American military flight surgeon

Don Davis Flickinger (26 November 1907 – 23 February 1997) was a military flight surgeon and pioneer in aerospace medicine who retired from the United States Air Force as a brigadier general.

Flickinger was born in Erie, Pennsylvania on 26 November 1907 and graduated from Los Angeles High School in 1925. He then attended Stanford University, graduating with an A.B. in 1929. Flickinger received his medical degree from the Stanford School of Medicine in 1933. He completed his medical training at the Vanderbilt University School of Medicine in 1934 and was then commissioned as a first lieutenant in the U.S. Army Medical Corps.

From July to November 1937, Flickinger trained as a flight surgeon at Randolph Field in Bexar County, Texas.

As an expert in the physiology of high altitude flight, Flickinger accompanied a squadron of nine B-17 bombers from Hawaii to the Philippines in September 1941. He was subsequently awarded the Distinguished Flying Cross.

After returning from the Philippines to Hawaii in November 1941, Flickinger was medical officer of the day for Pearl Harbor during the Japanese attack on 7 December 1941.

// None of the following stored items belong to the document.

lemma unit_response_active:
  fixes \<theta> :: params
  assumes "active (\<theta> W1 i) (\<theta> B1 i) (\<theta> W2 i) (\<theta> B2 i)"
  defines "e \<equiv> indicator {i}" and "m \<equiv> relu (margin (\<theta> W1 i) (\<theta> B1 i) (\<theta> W2 i) (\<theta> B2 i))"
  shows "\<bar>f1 \<theta> e i\<bar> = \<bar>\<theta> W1 i\<bar> - \<theta> B1 i"
    and "\<bar>f2 \<theta> e i\<bar> = m"
    and "4 * f2 \<theta> e i ^ 3 * df2 W1 \<theta> e i = 4 * sgn (\<theta> W1 i) * m ^ 3 * \<bar>\<theta> W2 i\<bar>"
    and "4 * f2 \<theta> e i ^ 3 * df2 B1 \<theta> e i = - 4 * m ^ 3 * \<bar>\<theta> W2 i\<bar>"
    and "4 * f2 \<theta> e i ^ 3 * df2 W2 \<theta> e i = 4 * sgn (\<theta> W2 i) * m ^ 3 * (\<bar>\<theta> W1 i\<bar> - \<theta> B1 i)"
    and "4 * f2 \<theta> e i ^ 3 * df2 B2 \<theta> e i = - 4 * m ^ 3"
proof -
  note composition = srelu_composition_active[OF assms(1), folded m_def]
  have pos: "0 < \<theta> B1 i" "\<theta> B1 i < \<bar>\<theta> W1 i\<bar>" "\<theta> W1 i \<noteq> 0" "\<theta> W2 i \<noteq> 0"
    using assms(1) by (auto simp: active_def)
  have f1: "f1 \<theta> e i = srelu (\<theta> W1 i) (\<theta> B1 i)"
    by (simp add: f1_def e_def)
  have f2: "f2 \<theta> e i = srelu (\<theta> W2 i * srelu (\<theta> W1 i) (\<theta> B1 i)) (\<theta> B2 i)"
    by (simp add: f2_def f1)
  have e: "e i = 1"
    by (simp add: e_def)
  have cube: "4 * a ^ 3 * b = 4 * (a ^ 3 * b)" for a b :: real
    by simp
  show "\<bar>f1 \<theta> e i\<bar> = \<bar>\<theta> W1 i\<bar> - \<theta> B1 i"
    using pos by (simp add: f1 composition(1) abs_mult abs_sgn_eq)
  show "\<bar>f2 \<theta> e i\<bar> = m"
    using pos by (simp add: f2 composition(2) abs_mult abs_sgn_eq m_def relu_def)
  show "4 * f2 \<theta> e i ^ 3 * df2 W1 \<theta> e i = 4 * sgn (\<theta> W1 i) * m ^ 3 * \<bar>\<theta> W2 i\<bar>"
    unfolding cube f2 df2.simps f1 e mult_1_right composition(5) by simp
  show "4 * f2 \<theta> e i ^ 3 * df2 B1 \<theta> e i = - 4 * m ^ 3 * \<bar>\<theta> W2 i\<bar>"
    unfolding cube f2 df2.simps f1 e mult_1_right composition(6) by simp
  show "4 * f2 \<theta> e i ^ 3 * df2 W2 \<theta> e i = 4 * sgn (\<theta> W2 i) * m ^ 3 * (\<bar>\<theta> W1 i\<bar> - \<theta> B1 i)"
    unfolding cube f2 df2.simps f1 e mult_1_right composition(3) by simp
  show "4 * f2 \<theta> e i ^ 3 * df2 B2 \<theta> e i = - 4 * m ^ 3"
    unfolding cube f2 df2.simps f1 e mult_1_right composition(4) by simp
qed
theorem lemma5:
  fixes n :: nat and \<Psi> :: ltl
  assumes "n \<ge> 1"
    and "\<Psi> \<in> LTL_XwXFG n"
    and "lang n \<Psi> = lang n (Phi n)"
  shows "size_ltl \<Psi> \<ge> 2 ^ n"
proof -
  have future: "future_only \<Psi>"
    using assms(2) by (simp add: LTL_XwXFG_def)
  have accepts: "sat (p_letter T # q_word B) 0 \<Psi> \<longleftrightarrow> T \<in> B"
    if "T \<subseteq> {1..n}" "B \<subseteq> Pow {1..n}" for T B
    using assms(3) p_letter_q_word_in_traces[OF that] sat_Phi_p_letter_q_word[OF that]
    unfolding lang_def by blast
  have "card (Pow (Pow {1..n})) \<le> 2 ^ card (subformulas \<Psi>)"
  proof (rule card_distinguishable_suffixes_le[OF future])
    show "q_word B \<noteq> []" if "B \<in> Pow (Pow {1..n})" for B
      using that by (simp add: q_word_not_Nil finite_subset_Pow_atLeastAtMost)
    fix B B' assume B: "B \<in> Pow (Pow {1..n})" and B': "B' \<in> Pow (Pow {1..n})" and "B \<noteq> B'"
    then obtain T where T: "T \<in> B \<longleftrightarrow> T \<notin> B'"
      by blast
    then have "T \<subseteq> {1..n}"
      using B B' by blast
    then show "\<exists>u. sat (u @ q_word B) 0 \<Psi> \<noteq> sat (u @ q_word B') 0 \<Psi>"
      using accepts B B' T by (intro exI[of _ "[p_letter T]"]) auto
  qed
  then have "2 ^ 2 ^ n \<le> (2::nat) ^ card (subformulas \<Psi>)"
    by (simp add: card_Pow)
  then show ?thesis
    using card_subformulas_le_size[of \<Psi>] by simp
qed

end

During World War II, Flickinger became a pioneer in pararescue in the China Burma India Theater, parachuting into rough terrain to aid downed flyers and then helping them hike to safety. His most famous rescue mission was widely publicized by one of the survivors of the August 1943 crash of a C-46 transport in Burma, CBS radio correspondent Eric Sevareid.

From November 1945 to December 1946, Flickinger was professor of air science and tactics at Harvard Medical School while also completing a graduate course in cardiology there.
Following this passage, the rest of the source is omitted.